Last Updated:Friday - 09/24/2010
March 30, 2009
Obama takes a step toward peace with Iran
What a difference a year can make! A year ago, there were serious concerns that U.S. President George W. Bush's last hurrah would be a military attack on Iran – a reckless act if there ever was one. Now, the new American president, Barack Obama, has extended an olive leaf to the Iranian people and, most notably, the Iranian government on the occasion of the Persian new year celebration, Nowruz.
Obama lauded Iran's "great and celebrated culture" and appealed to "the common humanity that binds us together" in a March 20 video message. His administration is committed to diplomacy with Iran, he said, and foresees opportunities for partnerships and overcoming the divisions of the past 30 years.
Words will not end Iranian hostility to the U.S., Israel and whoever else excites the passions of the Islamic republic. But words are a good place to start.
Ayatollah Ali Khameini brushed aside Obama's speech, complaining that he continued to brand Iran as a terrorist nation.
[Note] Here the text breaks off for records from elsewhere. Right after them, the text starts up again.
text \<open>Decode by the first coordinate reaching \<open>a/2\<close>: a wrong decision means that some
  coordinate is off by at least \<open>a/2\<close>.\<close>

lemma sq_loss_ge_test_error:
  fixes y :: "nat \<Rightarrow> real" and a :: real
  assumes a: "0 < a" and j0: "j0 \<le> B"
  shows "a\<^sup>2/4 * (1 - of_bool ((if \<exists>j<B. a/2 \<le> y j then LEAST j. j < B \<and> a/2 \<le> y j else B) = j0))
         \<le> (\<Sum>j<B. (y j - (if j = j0 then a else 0))\<^sup>2)"
proof -
  define \<psi> where "\<psi> = (if \<exists>j<B. a/2 \<le> y j then LEAST j. j < B \<and> a/2 \<le> y j else B)"
  have term_le: "(y j - (if j = j0 then a else 0))\<^sup>2 \<le> (\<Sum>j<B. (y j - (if j = j0 then a else 0))\<^sup>2)"
    if "j < B" for j
    using that by (intro member_le_sum) auto
  have "a\<^sup>2/4 \<le> (\<Sum>j<B. (y j - (if j = j0 then a else 0))\<^sup>2)" if wrong: "\<psi> \<noteq> j0"
  proof (cases "\<exists>j<B. a/2 \<le> y j")
    case True
    define l where "l = (LEAST j. j < B \<and> a/2 \<le> y j)"
    have l: "l < B" "a/2 \<le> y l"
      using LeastI_ex[of "\<lambda>j. j < B \<and> a/2 \<le> y j"] True unfolding l_def by auto
    moreover have "l \<noteq> j0"
      using wrong True unfolding \<psi>_def l_def by simp
    moreover have "(a/2)\<^sup>2 \<le> (y l)\<^sup>2"
      using l a by (intro power_mono) auto
    ultimately show ?thesis
      using term_le[of l] by (simp add: power_divide)
  next
    case False
    then have "\<psi> = B"
      unfolding \<psi>_def by (rule if_not_P)
    then have "j0 < B"
      using wrong j0 by simp
    moreover have "y j0 < a/2"
      using False \<open>j0 < B\<close> by auto
    moreover have "(a/2)\<^sup>2 \<le> (y j0 - a)\<^sup>2"
      using \<open>y j0 < a/2\<close> a by (simp add: power2_commute[of "y j0"] power_mono)
    ultimately show ?thesis
      using term_le[of j0] by (simp add: power_divide)
  qed
  then show ?thesis
    unfolding \<psi>_def[symmetric] by (cases "\<psi> = j0") (simp_all add: sum_nonneg)
qed

lemma sum_PiE_remove_coord:
  assumes "b \<in> K" "finite K" "finite J"
  shows "(\<Sum>w\<in>PiE K (\<lambda>_. J). G w) = (\<Sum>w\<in>PiE (K - {b}) (\<lambda>_. J). \<Sum>j\<in>J. G (w(b := j)))"
proof -
  have "PiE K (\<lambda>_. J) = (\<lambda>(j, w). w(b := j)) ` (J \<times> PiE (K - {b}) (\<lambda>_. J))"
    using PiE_insert_eq[of b "K - {b}" "\<lambda>_. J"] assms(1) by (simp add: insert_absorb)
  then have "(\<Sum>w\<in>PiE K (\<lambda>_. J). G w) = (\<Sum>(j, w)\<in>J \<times> PiE (K - {b}) (\<lambda>_. J). G (w(b := j)))"
    using inj_combinator[of b "K - {b}" "\<lambda>_. J"] by (simp add: sum.reindex case_prod_unfold)
  then show ?thesis
    by (simp add: sum.cartesian_product[symmetric] sum.swap[of _ J])
qed

lemma sum_PiE_prod_eq_power:
  fixes h :: "'a \<Rightarrow> real"
  assumes "finite C"
  shows "(\<Sum>X\<in>PiE {..<n} (\<lambda>_. C). \<Prod>i<n. h (X i)) = (\<Sum>x\<in>C. h x) ^ n"
  using prod_sum_PiE[of "{..<n}" "\<lambda>_. C" "\<lambda>i x. h x"] assms by simp

lemma ex_ge_of_card_mult_le_sum:
  fixes f :: "'a \<Rightarrow> real" and c :: real
  assumes "card A * c \<le> sum f A" "finite A" "A \<noteq> {}"
  obtains x where "x \<in> A" "c \<le> f x"
proof -
  have "\<exists>x\<in>A. c \<le> f x"
  proof (rule ccontr)
    assume "\<not> (\<exists>x\<in>A. c \<le> f x)"
    then have "sum f A < (\<Sum>x\<in>A. c)"
      using assms(2,3) by (intro sum_strict_mono) auto
    then show False
      using assms(1) by simp
  qed
  then show ?thesis
    using that by blast
qed

section \<open>The hypotheses\<close>

locale walsh_hypotheses =
  fixes d k B :: nat and a :: real and g :: "nat \<Rightarrow> nat \<Rightarrow> nat set"
  assumes g_mem: "\<And>b j. b < k \<Longrightarrow> j < B \<Longrightarrow> g b j \<in> cube d - {{}}"
    and g_inj: "inj_on (case_prod g) ({..<k} \<times> {..<B})"
    and a_pos: "0 < a"
    and ka_le: "real k * a \<le> 2 powr (- real d / 2) / 2"
begin

definition hyps :: "(nat \<Rightarrow> nat) set" where
  "hyps = PiE {..<k} (\<lambda>_. {..B})"

definition support :: "(nat \<Rightarrow> nat) \<Rightarrow> nat set set" where
  "support w = (\<lambda>b. g b (w b)) ` {b \<in> {..<k}. w b < B}"

definition dens :: "(nat \<Rightarrow> nat) \<Rightarrow> nat set \<Rightarrow> real" where
  "dens w = perturbed_uniform d a (support w)"

definition law :: "nat \<Rightarrow> (nat \<Rightarrow> nat) \<Rightarrow> (nat \<Rightarrow> nat set) \<Rightarrow> real" where
  "law n w X = (\<Prod>i<n. dens w (X i))"

definition decode :: "(nat set \<Rightarrow> real) \<Rightarrow> nat \<Rightarrow> nat" where
  "decode h b = (if \<exists>j<B. a/2 \<le> theta d h (g b j) then LEAST j. j < B \<and> a/2 \<le> theta d h (g b j) else B)"

lemma support_subset: "support w \<subseteq> cube d - {{}}"
  unfolding support_def using g_mem by auto

lemma card_support_le: "card (support w) \<le> k"
proof -
  have "card (support w) \<le> card {b \<in> {..<k}. w b < B}"
    unfolding support_def by (rule card_image_le) simp
  also have "\<dots> \<le> card {..<k}"
    by (intro card_mono) auto
  finally show ?thesis
    by simp
qed

lemma dens_ge: "1 / (2 * 2 ^ d) \<le> dens w x"
proof -
  define u :: real where "u = 2 powr (- real d / 2)"
  have "finite (support w)"
    using finite_subset[OF support_subset] by simp
  then have "1 / 2 ^ d - card (support w) * a * u \<le> dens w x"
    unfolding dens_def u_def using a_pos by (intro perturbed_uniform_ge) auto
  moreover have "card (support w) * a * u \<le> real k * a * u"
    using card_support_le a_pos unfolding u_def by (intro mult_right_mono) auto
  moreover have "real k * a * u \<le> u / 2 * u"
    using ka_le unfolding u_def by (intro mult_right_mono) auto
  moreover have "u / 2 * u = 1 / (2 * 2 ^ d)"
    using walsh_scale_sq[of d] unfolding u_def by simp
  moreover have "1 / 2 ^ d - 1 / (2 * 2 ^ d) = 1 / (2 * (2::real) ^ d)"
    by (simp add: field_simps)
  ultimately show ?thesis
    by linarith
qed

lemma dens_pos: "0 < dens w x"
  using dens_ge[of w x] by (smt (verit) divide_pos_pos zero_less_power)

lemma sum_dens: "(\<Sum>x\<in>cube d. dens w x) = 1"
  unfolding dens_def by (rule sum_perturbed_uniform[OF support_subset])

lemma dens_in_Fplus1:
  assumes "0 < p" "a \<le> ((2::real) ^ d) powr (-1/2) * (real k + 1) powr (-1/p)"
  shows "dens w \<in> Fplus1 d p"
  unfolding Fplus1_def dens_def
  using perturbed_uniform_in_Fd[OF assms(1) support_subset card_support_le a_pos assms(2)]
    dens_pos sum_dens by (auto simp: dens_def less_imp_le)

lemma mem_support_iff:
  assumes "b < k" "j < B"
  shows "g b j \<in> support w \<longleftrightarrow> w b = j"
  using assms g_inj unfolding support_def inj_on_def by auto

lemma theta_dens:
  assumes "b < k" "j < B"
  shows "theta d (dens w) (g b j) = (if w b = j then a else 0)"
  using theta_perturbed_uniform[OF support_subset, where t = "g b j" and a = a] g_mem[OF assms]
    mem_support_iff[OF assms] unfolding dens_def by auto

lemma support_upd:
  assumes "b < k" "j < B"
  shows "support (w(b := j)) = insert (g b j) (support (w(b := B)))"
proof -
  have "{b' \<in> {..<k}. (w(b := j)) b' < B} = insert b {b' \<in> {..<k}. (w(b := B)) b' < B}"
    using assms by auto
  then show ?thesis
    unfolding support_def by (auto intro!: image_eqI)
qed

lemma sum_law: "(\<Sum>X\<in>PiE {..<n} (\<lambda>_. cube d). law n w X) = 1"
  unfolding law_def by (simp add: sum_PiE_prod_eq_power sum_dens)

lemma law_pos: "0 < law n w X"
  unfolding law_def by (simp add: prod_pos dens_pos)

lemma chi_square_law:
  assumes "b < k" "j < B"
  shows "(\<Sum>X\<in>PiE {..<n} (\<lambda>_. cube d). (law n (w(b := j)) X)\<^sup>2 / law n (w(b := B)) X)
    \<le> exp (2 * real n * 2 ^ d * a\<^sup>2)"
proof -
  have "(\<Sum>x\<in>cube d. (dens (w(b := j)) x)\<^sup>2 / dens (w(b := B)) x) \<le> 1 + 2 * 2 ^ d * a\<^sup>2"
    unfolding dens_def support_upd[OF assms]
  proof (rule chi_square_perturbed_uniform_insert[OF support_subset])
    show "g b j \<in> cube d - {{}}" "g b j \<notin> support (w(b := B))"
      using g_mem[OF assms] mem_support_iff[OF assms, of "w(b := B)"] assms by auto
  qed (use dens_ge in \<open>simp add: dens_def\<close>)
  also have "\<dots> \<le> exp (2 * 2 ^ d * a\<^sup>2)"
    by (rule exp_ge_add_one_self[THEN order.trans[rotated]]) simp
  finally have "(\<Sum>x\<in>cube d. (dens (w(b := j)) x)\<^sup>2 / dens (w(b := B)) x) ^ n \<le> exp (2 * 2 ^ d * a\<^sup>2) ^ n"
    by (intro power_mono) (auto intro!: sum_nonneg simp: dens_pos less_imp_le)
  moreover have "(\<Sum>X\<in>PiE {..<n} (\<lambda>_. cube d). (law n (w(b := j)) X)\<^sup>2 / law n (w(b := B)) X) =
      (\<Sum>X\<in>PiE {..<n} (\<lambda>_. cube d). \<Prod>i<n. (dens (w(b := j)) (X i))\<^sup>2 / dens (w(b := B)) (X i))"
    unfolding law_def by (simp add: prod_power_distrib prod_dividef)
  ultimately show ?thesis
    using sum_PiE_prod_eq_power[where h = "\<lambda>x. (dens (w(b := j)) x)\<^sup>2 / dens (w(b := B)) x"]
    by (simp add: exp_of_nat_mult[symmetric] algebra_simps)
qed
But Khameini left the door open for rapprochement, saying, "Should you change, our behaviour will change too."
The media advisor to President Mahmound Ahmadinejad called on the U.S. to admit its mistakes of the past – a litany that includes support for the shah's coup in 1953, shooting down an airliner, supporting Iraq in the brutal war of the 1980s and labeling the country as part of "the Axis of Evil."
The man has a point. All those Iranians shouting "Death to America" didn't get fired up over nothing. If Obama is going to start meaningful dialogue with Iran, there are going to have to be more words – including an admission that some American actions in relation to Iran were themselves pretty much equivalent to terrorism.
The time for a diplomatic breakthrough may be short. Israel believes that by the end of the year Iran will have the capacity to build nuclear weapons. If Israel launches a pre-emptive strike against Iranian nuclear facilities, hopes for diplomacy will be extinguished.
Israeli President Shimon Peres sent a mistake of his own to Iranians at Nowruz – end your country's uranium enrichment program and overthrow the government. It is hard to fathom what such sabre-rattling is supposed to accomplish.
Iran, of course, does have plenty of faults of its own. The defeat of the hot-headed, erratic Ahmadinejad in this summer's presidential elections would signal that Iranians too want a conciliatory approach.
When in 1991 the U.S. invaded Iraq – a country with a much smaller population and much less significant international stature than Iran – Pope John Paul II called the invasion "an adventure without return." It is that much more urgent that peaceful relations be established with Iran. Obama has taken one small, but significant, step in that direction. May there be many more.